If you put that pair of bookshelves on the floor, then the stage drops to your ankles.

This is what I have experienced with conventional direct radiating speakers in a car.

How do horns overcome this?

There was a thread discussing stage height, with Lycan and Patrick taking place, I think it may have been this one (i dont have time to re-read it right now):
http://www.diymobileaudio.com/forum...cal-advanced/72655-how-move-stage-higher.html
Where by the ears determine stage height with frequencies smaller than the distance between our ears (due to differences in amplitude to each ear).
If these frequencies are playing from a source around our knee height, how then do we get a perceived stage height at eye level?


----------



## subwoofery

You could try with your bookshelves but I've noticed that when you have your face right between the L and R speaker, the soundstage is at eye to forehead. The further you move, the higher the soundstage. 
Another thing I've noticed is that when you have your speakers closer to you, the soundstage is well narrow but not that high. The farther (from each other) they are, the higher the soundstage. 

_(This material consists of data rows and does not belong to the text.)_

(*
  Fix vectors x_0, ..., x_{n-1} in the unit ball of X.  The map
  t \<mapsto> \<Sum>i<n. t_i x_i sends the Euclidean unit sphere of R^n into the ball of radius
  sqrt n in X (Cauchy-Schwarz), so the polynomial t \<mapsto> hatp L (\<Sum>i t_i x_i) is bounded
  by sqrt n ^ m * hat_norm L on that sphere.  Banach's polarization theorem for the
  Euclidean space R^n says that a symmetric m-linear map on R^n attains its norm on the
  diagonal; applied to L restricted to the span of the x_i it bounds every
  L(x_1^{k_1} ... x_n^{k_n}), giving norm_n m n L \<le> sqrt n ^ m * hat_norm L.
  Inserting weights c_i \<ge> 0 in front of the x_i sharpens this to
  (\<Prod> c_i^{k_i}) |L(x_1^{k_1} ... x_n^{k_n})| \<le> hat_norm L * |c|^m; for n = 2 and m odd
  one has k_1 \<noteq> k_2, and suitably unbalanced weights give a constant < sqrt 2 ^ m.
*)


section \<open>Multilinear algebra\<close>

lemma mlinear_cong: "mlinear m L \<Longrightarrow> (\<And>i. i < m \<Longrightarrow> x i = y i) \<Longrightarrow> L x = L y"
  unfolding mlinear_def by blast

lemma mlinear_add:
  "mlinear m L \<Longrightarrow> j < m \<Longrightarrow> L (x(j := a + b)) = L (x(j := a)) + L (x(j := b))"
  unfolding mlinear_def by blast

lemma mlinear_scale:
  "mlinear m L \<Longrightarrow> j < m \<Longrightarrow> L (x(j := c *\<^sub>R a)) = c *\<^sub>R L (x(j := a))"
  unfolding mlinear_def by blast

lemma mlinear_neg: "mlinear m L \<Longrightarrow> j < m \<Longrightarrow> L (x(j := - a)) = - L (x(j := a))"
  using mlinear_scale[of m L j x "-1" a] by simp

lemma mlinear_diff:
  "mlinear m L \<Longrightarrow> j < m \<Longrightarrow> L (x(j := a - b)) = L (x(j := a)) - L (x(j := b))"
  using mlinear_add[of m L j x a "- b"] mlinear_neg[of m L j x b] by simp

lemma mlinear_scale_all:
  assumes ml: "mlinear m L"
  shows "L (\<lambda>j. f j *\<^sub>R y j) = (\<Prod>j<m. f j) *\<^sub>R L y"
proof -
  have partial: "L (\<lambda>j. if j < k then f j *\<^sub>R y j else y j) = (\<Prod>j<k. f j) *\<^sub>R L y"
    if "k \<le> m" for k
    using that
  proof (induction k)
    case (Suc k)
    let ?y = "\<lambda>j. if j < k then f j *\<^sub>R y j else y j"
    have "(\<lambda>j. if j < Suc k then f j *\<^sub>R y j else y j) = ?y(k := f k *\<^sub>R y k)"
      and "?y(k := y k) = ?y"
      by (auto simp: fun_eq_iff)
    then have "L (\<lambda>j. if j < Suc k then f j *\<^sub>R y j else y j) = f k *\<^sub>R L ?y"
      using mlinear_scale[OF ml, of k ?y "f k" "y k"] Suc.prems by simp
    then show ?case using Suc by (simp add: mult.commute)
  qed simp
  have "L (\<lambda>j. f j *\<^sub>R y j) = L (\<lambda>j. if j < m then f j *\<^sub>R y j else y j)"
    by (rule mlinear_cong[OF ml]) simp
  then show ?thesis using partial[OF order_refl] by simp
qed

lemma hatp_scale: "mlinear m L \<Longrightarrow> hatp L (c *\<^sub>R z) = c ^ m *\<^sub>R hatp L z"
  using mlinear_scale_all[of m L "\<lambda>_. c" "\<lambda>_. z"] by (simp add: hatp_def)

lemma hatp_zero:
  assumes "mlinear m L" "m \<ge> 1"
  shows "hatp L 0 = 0"
  using hatp_scale[OF assms(1), of 0 0] assms(2) by (simp add: zero_power)

lemma msymmetric_swap:
  assumes "msymmetric m L" "j1 < m" "j2 < m" "j1 \<noteq> j2"
  shows "L (x(j1 := a, j2 := b)) = L (x(j1 := b, j2 := a))"
proof -
  have "Transposition.transpose j1 j2 permutes {..<m}"
    using assms by (intro permutes_swap_id) auto
  moreover have "x(j1 := b, j2 := a) \<circ> Transposition.transpose j1 j2 = x(j1 := a, j2 := b)"
    using assms(4) by (auto simp: fun_eq_iff Transposition.transpose_def)
  ultimately show ?thesis using assms(1) unfolding msymmetric_def by metis
qed

lemma polarization_two_slots:
  assumes ml: "mlinear m L" and ms: "msymmetric m L"
    and j: "j1 < m" "j2 < m" "j1 \<noteq> j2"
  shows "4 *\<^sub>R L (Y(j1 := P, j2 := Q)) = L (Y(j1 := P + Q, j2 := P + Q)) - L (Y(j1 := P - Q, j2 := P - Q))"
proof -
  define \<beta> where "\<beta> a b = L (Y(j1 := a, j2 := b))" for a b
  have tw: "Y(j1 := a, j2 := b) = (Y(j2 := b))(j1 := a)" for a b
    using j(3) by (simp add: fun_upd_twist)
  have right: "\<beta> a (b + c) = \<beta> a b + \<beta> a c" "\<beta> a (b - c) = \<beta> a b - \<beta> a c" for a b c
    unfolding \<beta>_def using mlinear_add[OF ml j(2)] mlinear_diff[OF ml j(2)] by simp_all
  have left: "\<beta> (a + b) c = \<beta> a c + \<beta> b c" "\<beta> (a - b) c = \<beta> a c - \<beta> b c" for a b c
    unfolding \<beta>_def tw using mlinear_add[OF ml j(1)] mlinear_diff[OF ml j(1)] by simp_all
  have "\<beta> (P + Q) (P + Q) - \<beta> (P - Q) (P - Q) = 2 *\<^sub>R \<beta> P Q + 2 *\<^sub>R \<beta> Q P"
    by (simp add: left right scaleR_2 algebra_simps)
  also have "\<beta> Q P = \<beta> P Q"
    unfolding \<beta>_def using msymmetric_swap[OF ms j] by simp
  finally show ?thesis unfolding \<beta>_def by (simp add: scaleR_left_distrib[symmetric])
qed

lemma scale_two_slots:
  assumes ml: "mlinear m L" and j: "j1 < m" "j2 < m" "j1 \<noteq> j2"
  shows "L (Y(j1 := c *\<^sub>R A, j2 := c *\<^sub>R A)) = c\<^sup>2 *\<^sub>R L (Y(j1 := A, j2 := A))"
proof -
  have tw: "Y(j1 := a, j2 := b) = (Y(j2 := b))(j1 := a)" for a b
    using j(3) by (simp add: fun_upd_twist)
  have "L (Y(j1 := c *\<^sub>R A, j2 := c *\<^sub>R A)) = c *\<^sub>R L (Y(j1 := c *\<^sub>R A, j2 := A))"
    using mlinear_scale[OF ml j(2), of "Y(j1 := c *\<^sub>R A)"] by simp
  also have "L (Y(j1 := c *\<^sub>R A, j2 := A)) = c *\<^sub>R L (Y(j1 := A, j2 := A))"
    unfolding tw using mlinear_scale[OF ml j(1), of "Y(j2 := A)"] by simp
  finally show ?thesis by (simp only: power2_eq_square scaleR_scaleR)
qed


section \<open>The norm of the associated polynomial\<close>

text \<open>Continuity of L at the origin forces polynomial growth of hatp L.\<close>

lemma hatp_growth:
  assumes ml: "mlinear m L" and mc: "mcontinuous m L" and m: "m \<ge> 1"
  obtains C where "\<And>z. norm (hatp L z) \<le> C * norm z ^ m"
proof -
  have "isCont (hatp L) 0"
    unfolding continuous_at_sequentially comp_def hatp_def
  proof (intro allI impI)
    fix z :: "nat \<Rightarrow> 'a" assume "z \<longlonglongrightarrow> 0"
    then show "(\<lambda>k. L (\<lambda>_. z k)) \<longlonglongrightarrow> L (\<lambda>_. 0)"
      using mc[unfolded mcontinuous_def, rule_format, of "\<lambda>k _. z k" "\<lambda>_. 0"] by simp
  qed
  then have "\<forall>e>0. \<exists>d>0. \<forall>z. norm z < d \<longrightarrow> norm (hatp L z) < e"
    using hatp_zero[OF ml m] by (simp add: continuous_at_eps_delta dist_norm)
  then obtain d where d: "d > 0" "\<And>z. norm z < d \<Longrightarrow> norm (hatp L z) < 1"
    using zero_less_one by blast
  have "norm (hatp L z) \<le> (2 / d) ^ m * norm z ^ m" for z
  proof (cases "z = 0")
    case True then show ?thesis using hatp_zero[OF ml m] m by (simp add: zero_power)
  next
    case False
    define c where "c = d / (2 * norm z)"
    have c: "c > 0" using d(1) False by (simp add: c_def)
    have "norm (c *\<^sub>R z) < d" using d(1) False by (simp add: c_def)
    then have "c ^ m * norm (hatp L z) < 1"
      using d(2)[of "c *\<^sub>R z"] hatp_scale[OF ml, of c z] c by simp
    then have "norm (hatp L z) \<le> 1 / c ^ m" using c by (simp add: field_simps)
    also have "1 / c ^ m = (2 / d) ^ m * norm z ^ m"
      using False by (simp add: c_def power_divide power_mult_distrib)
    finally show ?thesis .
  qed
  then show thesis by (rule that)
qed

text \<open>Hence hatp L is bounded on the unit ball, so hat_norm L is a genuine supremum.\<close>

lemma hatp_bdd:
  assumes "mlinear m L" "mcontinuous m L" "m \<ge> 1"
  shows "bdd_above ((\<lambda>x. norm (hatp L x)) ` cball 0 1)"
proof -
  obtain C where C: "\<And>z. norm (hatp L z) \<le> C * norm z ^ m"
    using hatp_growth[OF assms] by blast
  have "norm (hatp L z) \<le> \<bar>C\<bar>" if "norm z \<le> 1" for z
  proof -
    have "C * norm z ^ m \<le> \<bar>C\<bar> * norm z ^ m" by (rule mult_right_mono) auto
    also have "\<dots> \<le> \<bar>C\<bar> * 1" using that by (intro mult_left_mono power_le_one) auto
    finally show ?thesis using C[of z] by simp
  qed
  then show ?thesis unfolding bdd_above_def by (intro exI[of _ "\<bar>C\<bar>"]) auto
qed

lemma hat_norm_nonneg:
  assumes "mlinear m L" "mcontinuous m L" "m \<ge> 1"
  shows "0 \<le> hat_norm L"
proof -
  have "norm (hatp L 0) \<le> hat_norm L"
    unfolding hat_norm_def by (rule cSUP_upper[OF _ hatp_bdd[OF assms]]) simp
  then show ?thesis by (meson norm_ge_zero order_trans)
qed

lemma hatp_le:
  assumes ml: "mlinear m L" and mc: "mcontinuous m L" and m: "m \<ge> 1"
  shows "norm (hatp L z) \<le> hat_norm L * norm z ^ m"
proof (cases "z = 0")
  case True then show ?thesis using hatp_zero[OF ml m] m by (simp add: zero_power)
next
  case False
  let ?u = "(1 / norm z) *\<^sub>R z"
  have "norm (hatp L ?u) \<le> hat_norm L"
    unfolding hat_norm_def using False by (intro cSUP_upper[OF _ hatp_bdd[OF ml mc m]]) simp
  then have "norm z ^ m * norm (hatp L ?u) \<le> norm z ^ m * hat_norm L"
    by (rule mult_left_mono) simp
  moreover have "hatp L z = norm z ^ m *\<^sub>R hatp L ?u"
    using hatp_scale[OF ml, of "norm z" ?u] False by simp
  ultimately show ?thesis by (simp add: mult.commute)
qed

lemma hat_norm_pos:
  assumes ml: "mlinear m L" and mc: "mcontinuous m L" and m: "m \<ge> 1"
    and nz: "hatp L \<noteq> (\<lambda>_. 0)"
  shows "hat_norm L > 0"
proof -
  obtain z where "hatp L z \<noteq> 0" using nz by auto
  then have "0 < norm (hatp L z)" by simp
  also have "\<dots> \<le> hat_norm L * norm z ^ m" by (rule hatp_le[OF ml mc m])
  finally show ?thesis by (auto simp: zero_less_mult_iff)
qed


text \<open>A vector t of R^n is a function nat \<Rightarrow> real of which the entries below n matter;
  span_vec n x t is the corresponding combination of x 0, ..., x (n-1).\<close>

definition span_vec :: "nat \<Rightarrow> (nat \<Rightarrow> 'a::real_normed_vector) \<Rightarrow> (nat \<Rightarrow> real) \<Rightarrow> 'a" where
  "span_vec n x t = (\<Sum>i<n. t i *\<^sub>R x i)"

definition sumsq :: "nat \<Rightarrow> (nat \<Rightarrow> real) \<Rightarrow> real" where
  "sumsq n t = (\<Sum>i<n. (t i)\<^sup>2)"

definition dotp :: "nat \<Rightarrow> (nat \<Rightarrow> real) \<Rightarrow> (nat \<Rightarrow> real) \<Rightarrow> real" where
  "dotp n s t = (\<Sum>i<n. s i * t i)"

lemma span_vec_cong: "(\<And>i. i < n \<Longrightarrow> t i = s i) \<Longrightarrow> span_vec n x t = span_vec n x s"
  by (simp add: span_vec_def)

lemma span_vec_add: "span_vec n x (\<lambda>i. t i + s i) = span_vec n x t + span_vec n x s"
  by (simp add: span_vec_def scaleR_add_left sum.distrib)

lemma span_vec_diff: "span_vec n x (\<lambda>i. t i - s i) = span_vec n x t - span_vec n x s"
  by (simp add: span_vec_def scaleR_diff_left sum_subtractf)

lemma span_vec_scale: "span_vec n x (\<lambda>i. c * t i) = c *\<^sub>R span_vec n x t"
  by (simp add: span_vec_def scaleR_sum_right)

lemma span_vec_unit:
  assumes "b < n"
  shows "span_vec n x (\<lambda>i. if i = b then 1 else 0) = x b"
proof -
  have "span_vec n x (\<lambda>i. if i = b then 1 else 0) = (\<Sum>i<n. if i = b then x b else 0)"
    unfolding span_vec_def by (rule sum.cong) auto
  then show ?thesis using assms by simp
qed

lemma sumsq_unit:
  assumes "b < n"
  shows "sumsq n (\<lambda>i. if i = b then 1 else 0) = 1"
proof -
  have "sumsq n (\<lambda>i. if i = b then 1 else 0) = (\<Sum>i<n. if i = b then 1 else 0)"
    unfolding sumsq_def by (rule sum.cong) auto
  then show ?thesis using assms by simp
qed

I've noticed that with my mids in my doors, center stage is way too high lol - but that could be my car's acoustic 

Kelvin


----------



## Mic10is

alot of this has to do with how Horns function in a car.
Sound follows the contours of the dash, in effect making the dash become and extension of the horn.

so despite being mounted under the dash, the dash is an extension of the horn mouth and thats how you can get Eye level Stage height with horns


----------



## ErinH

^so, then, is it a reasonable assumption that a more steeper angled underdash would get you better height than a less steep underdash (assuming same mounting distance from the 'end' of the dash)?


----------



## Mic10is

bikinpunk said:


> ^so, then, is it a reasonable assumption that a more steeper angled underdash would get you better height than a less steep underdash (assuming same mounting distance from the 'end' of the dash)?


more to do with transition from what I understand. so if the angle gets closer to being vertical it doesnt flow or transition as well.


----------